Kenneth Lewis contends he simply was throwing out for discussion the idea of Bank of America launching its own card-processing network to compete with Visa and MasterCard. But Lewis, the Charlotte, N.C.-based bank's chairman and CEO, did not just discuss it with his staff behind closed doors.
Instead, he fed the proposal to The Wall Street Journal and a Morgan Stanley analyst.
The timing for Lewis to bring up the possibility of BofA starting its own network is not unexpected. These are turbulent times in which significant industry change is occurring.
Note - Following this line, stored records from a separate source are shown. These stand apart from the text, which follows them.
section \<open>Occurrences\<close>

lemma T_setD:
  assumes "\<tau> \<in> T_set k r m I" "1 \<le> k"
  shows "\<tau> \<in> coloured_perms k r" "fst (\<tau> ! 0) = m" "snd (\<tau> ! 0) \<in> I"
proof -
  have \<tau>: "\<tau> \<in> coloured_perms k r" "fst (hd \<tau>) = m" "snd (hd \<tau>) \<in> I"
    using assms(1) unfolding T_set_def by auto
  moreover have "hd \<tau> = \<tau> ! 0"
    using coloured_permsD(1)[OF \<tau>(1)] assms(2) by (intro hd_conv_nth) auto
  ultimately show "\<tau> \<in> coloured_perms k r" "fst (\<tau> ! 0) = m" "snd (\<tau> ! 0) \<in> I"
    by simp_all
qed

lemma occurrencesD:
  assumes "is \<in> occurrences \<tau> \<psi>"
  shows "length is = length \<tau>" "sorted_wrt (<) is" "\<And>x. x \<in> set is \<Longrightarrow> x < length \<psi>"
    and "\<And>j l. j < length \<tau> \<Longrightarrow> l < length \<tau> \<Longrightarrow>
           fst (\<psi> ! (is ! j)) < fst (\<psi> ! (is ! l)) \<longleftrightarrow> fst (\<tau> ! j) < fst (\<tau> ! l)"
    and "\<And>j. j < length \<tau> \<Longrightarrow> snd (\<psi> ! (is ! j)) = snd (\<tau> ! j)"
  using assms unfolding occurrences_def by auto

lemma occurrences_pattern_unique:
  assumes "\<tau>1 \<in> coloured_perms k r" "\<tau>2 \<in> coloured_perms k r"
    and "is \<in> occurrences \<tau>1 \<psi>" "is \<in> occurrences \<tau>2 \<psi>"
  shows "\<tau>1 = \<tau>2"
proof (rule coloured_perms_eqI[OF assms(1,2)])
  have len: "length \<tau>1 = k" "length \<tau>2 = k"
    using coloured_permsD(1) assms(1,2) by auto
  fix j l assume "j < k" "l < k"
  with len have "fst (\<tau>1 ! j) < fst (\<tau>1 ! l) \<longleftrightarrow> fst (\<psi> ! (is ! j)) < fst (\<psi> ! (is ! l))"
    using occurrencesD(4)[OF assms(3)] by simp
  also have "\<dots> \<longleftrightarrow> fst (\<tau>2 ! j) < fst (\<tau>2 ! l)"
    using occurrencesD(4)[OF assms(4)] len \<open>j < k\<close> \<open>l < k\<close> by simp
  finally show "fst (\<tau>1 ! j) < fst (\<tau>1 ! l) \<longleftrightarrow> fst (\<tau>2 ! j) < fst (\<tau>2 ! l)" .
next
  fix j assume "j < k"
  then show "snd (\<tau>1 ! j) = snd (\<tau>2 ! j)"
    using occurrencesD(5)[OF assms(3)] occurrencesD(5)[OF assms(4)] coloured_permsD(1) assms(1,2)
    by metis
qed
Merchant lawsuits over interchange, for example, have led Visa USA and MasterCard International to revamp their boards, thus reducing the decision-making power of their issuing members, particularly large ones such as BofA (see story page 10).
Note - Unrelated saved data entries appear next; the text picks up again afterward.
theorem lemma1:
  fixes p q lam :: real
    and X :: "real ^ 'n ^ 'm"
    and D D' :: "real ^ 'd ^ 'm"
  assumes "p > 0" and "q > 0" and "lam > 0"
    and "D \<in> unit_col_dicts" and "D' \<in> unit_col_dicts"
  shows "\<bar>F_X p q lam X D' - F_X p q lam X D\<bar>
           \<le> L_X p q lam TYPE('d) X * norm_1_2 (D' - D)"
proof -
  define C where "C = norm_1_2 (D' - D)"
  have C: "norm (column j (D' - D)) \<le> C" for j
    unfolding C_def norm_1_2_def by (rule Max_ge) auto
  then have "C \<ge> 0" using norm_ge_zero order_trans by blast
  define cost where "cost E i = coding_cost p q lam E (column i X)" for E :: "real ^ 'd ^ 'm" and i
  have F: "F_X p q lam X E = (1 / real CARD('n)) * (\<Sum>i\<in>UNIV. cost E i)" for E
    by (simp add: F_X_def cost_def coding_cost_def coding_loss_def)
  have "\<bar>F_X p q lam X D' - F_X p q lam X D\<bar>
      = (1 / real CARD('n)) * \<bar>\<Sum>i\<in>UNIV. cost D' i - cost D i\<bar>"
    by (simp add: F sum_subtractf diff_divide_distrib[symmetric] abs_divide)
  also have "\<dots> \<le> (1 / real CARD('n)) * (\<Sum>i\<in>UNIV. \<bar>cost D' i - cost D i\<bar>)"
    by (rule mult_left_mono[OF sum_abs]) simp
  also have "\<dots> \<le> (1 / real CARD('n))
                   * (\<Sum>i\<in>UNIV. norm (column i X) * code_l1_radius p q lam TYPE('d) (column i X) * C)"
    using abs_coding_cost_diff_le[OF assms(1-3) C \<open>C \<ge> 0\<close>]
    by (intro mult_left_mono sum_mono) (simp_all add: cost_def)
  also have "\<dots> = L_X p q lam TYPE('d) X * norm_1_2 (D' - D)"
    by (simp add: L_X_def code_l1_radius_def C_def sum_distrib_left sum_distrib_right mult_ac)
  finally show ?thesis .
qed

end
BofA is a member of both card associations, and merchants have charged Visa and MasterCard with colluding with their member issuers in setting interchange, the fee merchant banks pay card issuers for debit and credit card purchases. MasterCard, which in late May was expected to complete its initial public offering, acknowledged in a recent U.S. Securities and Exchange Commission filing the significance of the lawsuits.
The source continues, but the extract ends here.